Thursday, November 01, 2007

My Stash ...

Alison left a comment on my last blog post, about curling ribbon, asking, "Can I come over and admire your stash?", which made me think, "Ooh! I need to do a spectrum photograph of all the colors!" Which is what I did in the middle of editing an 89-page document for work because for the love of God, there's only so much you can stare at a laptop screen before you run the risk of your eyes falling out of your head. (So that's why I didn't post yesterday, because I was working on The Report That Ate Cleveland all day and most of the night, and when I wasn't working on it, I was a) handing out candy to trick-or-treaters and then b) sleeping.)

Looking at this picture now, I'd arrange the colors a bit differently, but I did this in about 2 minutes, and it's really for my own edification. It was a good chance to do a color inventory so I can fill in missing colors and so I can wonder why I have two nearly full spools of hot pink. (Note that duplicate spools are not included in this shot. Also note the mysterious lack of black. I must think black ribbon is too macabre, too The Nightmare Before Christmas, which I love. Don't get me wrong. Tim Burton is a genius. But black ribbon on a package just seems strange.)

Yep, curling ribbon is the kind of thing that thrills me. Which seems weird, until you remember that Mies van der Rohe said, "God is in the details." Details, people. It's all about the details.


Anonymous Anonymous said...

No, it was Le Corbusier who said "God is in the details."
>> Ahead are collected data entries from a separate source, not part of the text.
(* Let $\Omega\subset\mathbb{R}^n$ ($n\ge2$) be a bounded domain with $C^2$ boundary and $f\in C^1(\mathbb{R})$. Let $u\in C^2(\overline\Omega)$ solve $-\Delta u=f(u)$ in $\Omega$, $\partial_\nu u=0$ on $\partial\Omega$, and let $a\ge1$. Then $$a\lambda_\gamma\ge(a-1)\lambda_0+\mu_{a\gamma}-\sup f'.$$
   Context: $\nu$ is the outward unit normal; $\gamma(x)=\inf_{X\in\nu(x)^\perp\setminus\{0\}} \frac{X\cdot\nabla\nu(x)\cdot X}{|X|^2}$ is the lowest principal curvature of $\partial\Omega$; $\sup f'=\sup_\mathbb{R}f'$. $\lambda_0:=\inf\{\int_\Omega|\nabla\psi|^2-\int_\Omega f'(u)\psi^2:\psi\in H^1(\Omega),\|\psi\|_{L^2}=1\}$; $\lambda_\gamma:=\inf\{\int_\Omega|\nabla\psi|^2-\int_\Omega f'(u)\psi^2+\int_{\partial\Omega}\gamma\psi^2:\psi\in H^1(\Omega),\|\psi\|_{L^2}=1\}$; for $a\ge0$, $\mu_{a\gamma}:=\inf\{\int_\Omega|\nabla\psi|^2+a\int_{\partial\Omega}\gamma\psi^2:\psi\in H^1(\Omega),\|\psi\|_{L^2}=1\}$. *)

theory Defs
  imports "HOL-Analysis.Analysis"
begin

definition grad :: "('a::euclidean_space \<Rightarrow> real) \<Rightarrow> 'a \<Rightarrow> 'a" where
  "grad f x = (\<Sum>b\<in>Basis. frechet_derivative f (at x) b *\<^sub>R b)"

definition laplacian :: "('a::euclidean_space \<Rightarrow> real) \<Rightarrow> 'a \<Rightarrow> real" where
  "laplacian f x = (\<Sum>b\<in>Basis. frechet_derivative (grad f) (at x) b \<bullet> b)"

definition C2_on :: "'a::euclidean_space set \<Rightarrow> ('a \<Rightarrow> real) \<Rightarrow> bool" where
  "C2_on U f \<longleftrightarrow> (\<forall>x\<in>U. f differentiable (at x) \<and> grad f differentiable (at x))
     \<and> (\<forall>b\<in>Basis. continuous_on U (\<lambda>x. frechet_derivative (grad f) (at x) b))"

definition C2_closure :: "'a::euclidean_space set \<Rightarrow> ('a \<Rightarrow> real) \<Rightarrow> bool" where
  "C2_closure \<Omega> u \<longleftrightarrow> continuous_on (closure \<Omega>) u
     \<and> (\<forall>x\<in>\<Omega>. u differentiable (at x) \<and> grad u differentiable (at x))
     \<and> (\<exists>G. continuous_on (closure \<Omega>) G \<and> (\<forall>x\<in>\<Omega>. G x = grad u x))
     \<and> (\<forall>b\<in>Basis. \<exists>H. continuous_on (closure \<Omega>) H
            \<and> (\<forall>x\<in>\<Omega>. H x = frechet_derivative (grad u) (at x) b))"

definition C1_closure :: "'a::euclidean_space set \<Rightarrow> ('a \<Rightarrow> real) \<Rightarrow> bool" where
  "C1_closure \<Omega> \<psi> \<longleftrightarrow> continuous_on (closure \<Omega>) \<psi>
     \<and> (\<forall>x\<in>\<Omega>. \<psi> differentiable (at x))
     \<and> (\<exists>G. continuous_on (closure \<Omega>) G \<and> (\<forall>x\<in>\<Omega>. G x = grad \<psi> x))"

definition domain :: "'a::euclidean_space set \<Rightarrow> bool" where
  "domain \<Omega> \<longleftrightarrow> open \<Omega> \<and> connected \<Omega> \<and> \<Omega> \<noteq> {}"

text \<open>rho is a C^2 local defining function of Omega near its boundary.
  A bounded domain has C^2 boundary iff such a rho exists.\<close>
definition C2_defining_function :: "'a::euclidean_space set \<Rightarrow> ('a \<Rightarrow> real) \<Rightarrow> bool" where
  "C2_defining_function \<Omega> \<rho> \<longleftrightarrow> (\<exists>U. open U \<and> frontier \<Omega> \<subseteq> U \<and> C2_on U \<rho>
     \<and> (\<forall>x\<in>U. x \<in> \<Omega> \<longleftrightarrow> \<rho> x < 0)
     \<and> (\<forall>x\<in>frontier \<Omega>. \<rho> x = 0 \<and> grad \<rho> x \<noteq> 0))"

text \<open>Outward unit normal (extended to a neighbourhood of the boundary by grad rho / |grad rho|).\<close>
definition normal :: "('a::euclidean_space \<Rightarrow> real) \<Rightarrow> 'a \<Rightarrow> 'a" where
  "normal \<rho> x = (1 / norm (grad \<rho> x)) *\<^sub>R grad \<rho> x"

definition lowest_curvature :: "('a::euclidean_space \<Rightarrow> real) \<Rightarrow> 'a \<Rightarrow> real" where
  "lowest_curvature \<rho> x = Inf {(X \<bullet> frechet_derivative (normal \<rho>) (at x) X) / (norm X)\<^sup>2 | X.
        X \<bullet> normal \<rho> x = 0 \<and> X \<noteq> 0}"

definition hausdorff_approx :: "nat \<Rightarrow> real \<Rightarrow> 'a::euclidean_space set \<Rightarrow> ennreal" where
  "hausdorff_approx d \<delta> A = (INF C \<in> {C :: nat \<Rightarrow> 'a set. A \<subseteq> (\<Union>i. C i)
        \<and> (\<forall>i. bounded (C i) \<and> diameter (C i) \<le> \<delta>)}.
      (\<Sum>i. ennreal (unit_ball_vol (real d) * (diameter (C i) / 2) ^ d)))"

definition hausdorff_measure :: "nat \<Rightarrow> 'a::euclidean_space set \<Rightarrow> ennreal" where
  "hausdorff_measure d A = (SUP \<delta> \<in> {0<..}. hausdorff_approx d \<delta> A)"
Mies van der Rohe said, "Less is more."

4:31 PM  
Blogger Beth said...

Well, perhaps it's misattributed to him, but if you Google "Mies van der Rohe + God is in the details," you'll get 50,700 hits.

4:36 PM  
Anonymous Alison said...


Thanks. :-)

6:04 PM  
Anonymous Anonymous said...

(1) 'God is in the details.'
It seems generally accepted that this was something said by the German-born architect Ludwig Mies van der Rohe (1886-1969) although almost certainly it was not invented by him. His obituary in The New York Times (1969) attributed it to him but the saying also appears to have been a favourite of the German art historian Aby Warburg (though E.M. Gombrich, his biographer, is not certain that it originated with him). In the form Le bon Dieu est dans le détail, it has also been attributed to Gustave Flaubert (1821-80). Subsequently, there has arisen the saying 'The devil is in the detail' which has been described as a maxim of the German pop musician, Blixa Bargeld. He probably did not invent it himself as it is mentioned in Lutz Röhrich's Lexikon der sprichwörtlichen Redensarten (1994) - as 'Der Teufel steckt im Detail'.

6:09 PM  
Blogger Mercurie said...

You disappoint me, Beth. You have to have black ribbon... (of course, keep in mind I am a guy and a former Goth whose girlfriend dresses only in black...)

8:24 PM  
Blogger Beth said...

Yeah, when I go on my next ribbon-buying spree, I'll pick up a spool of black.

My entire wardrobe used to be black. I can relate.

8:30 PM  
Anonymous JoLynn Braley said...

Hi Beth!

I can relate to your love of curling ribbon....I love love love paper and pens. I also have a thing for wrapping paper and ribbon, but not as much as I do for paper.

I think that what you're drawn to says a lot about you....the curling ribbon shows how creative you are, at least that's what I see. :)

8:51 PM  
Anonymous Kristen said...

Oh - I'm now coveting your ribbon collection!

10:19 PM  
Anonymous Anonymous said...

This summer, Hallmark made a beautiful paper that was black and white polka dot on one side and hot pink on the other. That paper was beautiful with black and white curling ribbon.